Маршалл переварил это описание.
— Так. Тогда любой — скажем, вы или Алиса — идущий из остальной части квартиры в кабинет неизбежно проходит через эту комнату?
— Да. Или, само собой, можно пройти холлом. У кабинета отделньый вход.
— Хорошо, — кивнул Маршалл. — Сестра, во сколько вы приехали?
— Вскоре после десяти, лейтенант.
— Вы были в этой комнате, когда мистер Фоулкс ответил на мой звонок?
— Да. Он заканчивал завтракать в столовой. Пришёл сюда (должна сказать, что он выглядел несколько удивлённо, увидив нас с сестрой Фелицитас) и ушёл в кабинет.
— А вы оставались здесь?..
— Всё время вплоть до вашего прибытия. И позвольте предвосхитить ваш следующий вопрос: после мистера Фоулкса через эту дверь никто в кабинет не входил.
— И не выходил?
— Нет.
— И миссис Фоулкс всё время была с вами?
— Это уж слишком! — взорвалась Вероника. — Вы не только задаёте моим гостям и слугам все те вопросы, которые по праву должны задавать мне, но теперь даже намекаете…
— Прошу вас, миссис Фоулкс, — мягко вставила сестра Урсула. — Лейтенант лишь выполняет свои обязанности. Надеюсь на это, — добавила она с жестом, который у любого другого человека выглядел бы подмигиванием.
— Благодарю вас, сестра. И миссис Фоулкс была с вами?
— Да.
— Вы слышали какой-либо шум из кабинета?
— Признаюсь, что нет. А вы, миссис Фоулкс?
— Нет. — Вероника старалась отвечать монахине, а не полицейскому.

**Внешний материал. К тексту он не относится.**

lemma infdist_image_isometry:
  assumes "\<And>x y. dist (T x) (T y) = dist x y"
  shows "infdist (T a) (T ` S) = infdist a S"
  unfolding infdist_def using assms by (simp add: image_image)

lemma dist_map_prod_isometry:
  assumes "\<And>x y. dist (f x) (f y) = dist x y" "\<And>x y. dist (g x) (g y) = dist x y"
  shows "dist (map_prod f g p) (map_prod f g q) = dist p q"
  by (cases p, cases q) (simp add: dist_Pair_Pair assms)

lemma mem_image_involution_iff:
  assumes "\<And>x. T (T x) = x"
  shows "x \<in> T ` A \<longleftrightarrow> T x \<in> A"
  using assms by (metis image_iff)

abbreviation reflect_x :: "pt \<Rightarrow> pt" where "reflect_x \<equiv> map_prod uminus id"

abbreviation reflect_y :: "pt \<Rightarrow> pt" where "reflect_y \<equiv> map_prod id uminus"

lemma reflect_x_involution [simp]: "reflect_x (reflect_x p) = p"
  by (cases p) simp

lemma reflect_y_involution [simp]: "reflect_y (reflect_y p) = p"
  by (cases p) simp

lemma below_y_reflect_x:
  "below_y (reflect_x a) (reflect_x ` S) \<longleftrightarrow> below_y a S"
  unfolding below_y_def by auto

lemma below_y_reflect_y:
  "below_y (reflect_y a) (reflect_y ` S) \<longleftrightarrow> above_y a S"
  unfolding below_y_def above_y_def by auto

lemma offset_minus_reflect_x:
  "offset_minus (reflect_x ` S) \<delta> = reflect_x ` offset_minus S \<delta>"
proof -
  have "a \<in> offset_minus (reflect_x ` S) \<delta> \<longleftrightarrow> reflect_x a \<in> offset_minus S \<delta>" for a
    using below_y_reflect_x[of "reflect_x a" S]
      infdist_image_isometry[OF dist_map_prod_isometry[OF dist_minus], of id "reflect_x a" S]
    unfolding offset_minus_def by simp
  then show ?thesis by (auto simp: mem_image_involution_iff)
qed

lemma offset_minus_reflect_y:
  "offset_minus (reflect_y ` S) \<delta> = reflect_y ` offset_plus S \<delta>"
proof -
  have "a \<in> offset_minus (reflect_y ` S) \<delta> \<longleftrightarrow> reflect_y a \<in> offset_plus S \<delta>" for a
    using below_y_reflect_y[of "reflect_y a" S]
      infdist_image_isometry[OF dist_map_prod_isometry[OF _ dist_minus], of id "reflect_y a" S]
    unfolding offset_minus_def offset_plus_def by simp
  then show ?thesis by (auto simp: mem_image_involution_iff)
qed

lemma dec_chain_reflect_x: "dec_chain S \<Longrightarrow> inc_chain (reflect_x ` S)"
  unfolding dec_chain_def inc_chain_def by auto

lemma inc_chain_reflect_y: "inc_chain S \<Longrightarrow> dec_chain (reflect_y ` S)"
  unfolding dec_chain_def inc_chain_def by auto

lemma dec_chain_reflect_y: "dec_chain S \<Longrightarrow> inc_chain (reflect_y ` S)"
  unfolding dec_chain_def inc_chain_def by auto

lemma monotone_set_reflect_x: "monotone_set S \<Longrightarrow> monotone_set (reflect_x ` S)"
  by (rule monotone_set_map_prod) (auto simp: bij_uminus intro: continuous_intros)

lemma monotone_set_reflect_y: "monotone_set S \<Longrightarrow> monotone_set (reflect_y ` S)"
  by (rule monotone_set_map_prod) (auto simp: bij_uminus intro: continuous_intros)

lemma inc_chain_offset_minus_monotone:
  "inc_chain S \<Longrightarrow> connected S \<Longrightarrow> monotone_set (offset_minus S \<delta>)"
  unfolding monotone_set_def
  using inc_chain_offset_minus_x_monotone inc_chain_offset_minus_y_monotone by blast

lemma chain_offset_minus_monotone:
  assumes "connected S" "inc_chain S \<or> dec_chain S"
  shows "monotone_set (offset_minus S \<delta>)"
  using assms(2)
proof
  assume "dec_chain S"
  moreover have "connected (reflect_x ` S)"
    using assms(1) by (intro connected_continuous_image continuous_on_map_prod continuous_intros)
  ultimately have "monotone_set (offset_minus (reflect_x ` S) \<delta>)"
    by (intro inc_chain_offset_minus_monotone dec_chain_reflect_x)
  then have "monotone_set (reflect_x ` reflect_x ` offset_minus S \<delta>)"
    unfolding offset_minus_reflect_x by (rule monotone_set_reflect_x)
  then show ?thesis by (simp add: image_image)
qed (use assms(1) inc_chain_offset_minus_monotone in blast)
(* Let $N\ge2$. Let $\mathcal H$ be the set of marginal distributions $F$ (as in the context) for which the revenue function $R(x)=x(1-F(x))$ is concave on $[0,1]$. Then the Second Price Auction with $\mathrm{Beta}(\frac1{N-1},1)$ Distributed Reserves robustly dominates the posted price mechanism for $\mathcal H$: for every $F\in\mathcal H$ its revenue guarantee is at least $\max_{x\in[0,1]}x(1-F(x))$, and the inequality is strict for some $F\in\mathcal H$.
   Context: A single indivisible good is sold to $N$ bidders with private values $v_i\in[0,1]$, each with the same marginal cdf $F$ on $[0,1]$ (point masses allowed, and $F$ may be fully continuous). $\Pi(F)$ is the set of probability measures on $[0,1]^N$ with all one-dimensional marginals $F$. The revenue guarantee of a mechanism $(q,t)$ is $\inf_{\pi\in\Pi(F)}\int\sum_it_i\,d\pi$. The Second Price Auction with $\mathrm{Beta}(\frac1{N-1},1)$ Distributed Reserves: for a profile $v$ with highest value $v_{(1)}$ and second highest $v_{(2)}$, if exactly one bidder $i$ has value $v_{(1)}$ then she gets the good with probability $v_{(1)}^{1/(N-1)}$ and pays $\frac1Nv_{(1)}^{N/(N-1)}+\frac{N-1}Nv_{(2)}^{N/(N-1)}$; if $K\ge2$ bidders tie at $v_{(1)}$, each gets probability $v_{(1)}^{1/(N-1)}/K$ and pays $v_{(1)}^{N/(N-1)}/K$; all others get and pay nothing. The posted price mechanism's revenue guarantee is $\max_{x\in[0,1]}x(1-F(x))$. For a set $\mathcal H$ of marginal distributions, $M_1$ robustly dominates $M_2$ for $\mathcal H$ if the revenue guarantee of $M_1$ is weakly greater than that of $M_2$ for every $F\in\mathcal H$ and strictly greater for some $F\in\mathcal H$. *)

theory Defs
  imports "HOL-Probability.Probability"
begin

definition marginal_dists :: "real measure set" where
  "marginal_dists = {mu. prob_space mu \<and> sets mu = sets borel \<and> measure mu {0..1} = 1}"

definition couplings :: "real measure \<Rightarrow> (real ^ 'n) measure set" where
  "couplings mu = {pi. prob_space pi \<and> sets pi = sets borel \<and>
                       (\<forall>i. distr pi borel (\<lambda>v. v $ i) = mu)}"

— Но потом мы с ней глубоко погрузились в беседу, а сестра Фелицитас, как вам известно, глуховата. Думаю, чтобы мы услышали, должна была бы произойти серьёзная борьба.
— Так. Тогда ясно, что нападавший на мистера Фоулкса вошёл в кабинет через дверь в холл и бесшумно, без всякой драки, обрушил его на пол ударом ножа. Хорошо. Думаю, это всё, что мне нужно спросить у вас на данный момент. Впрочем, прошу вас остаться здесь, пока я не поговорю с доктором, который будет с минуты на минуту. — Он встал, слегка поклонился и прошёл в кабинет.
Хилари недостойно растянулся в одной рубашке с коротким рукавом. (Сегодняшная была нежно-лиловой.) Великолепный красно-золотой халат висел на стуле в другом конце комнаты. Он был всё ещё без сознания. И хорошо. Любое движение до прибытия врача и скорой помощи лишь влечёт за собой ненужную боль и опасность. Маршалл рассмотрел рукоять и угол наклона и прикинул, что даже худшие возможные последствия окажутся не столь уж значительны. Как он надеялся.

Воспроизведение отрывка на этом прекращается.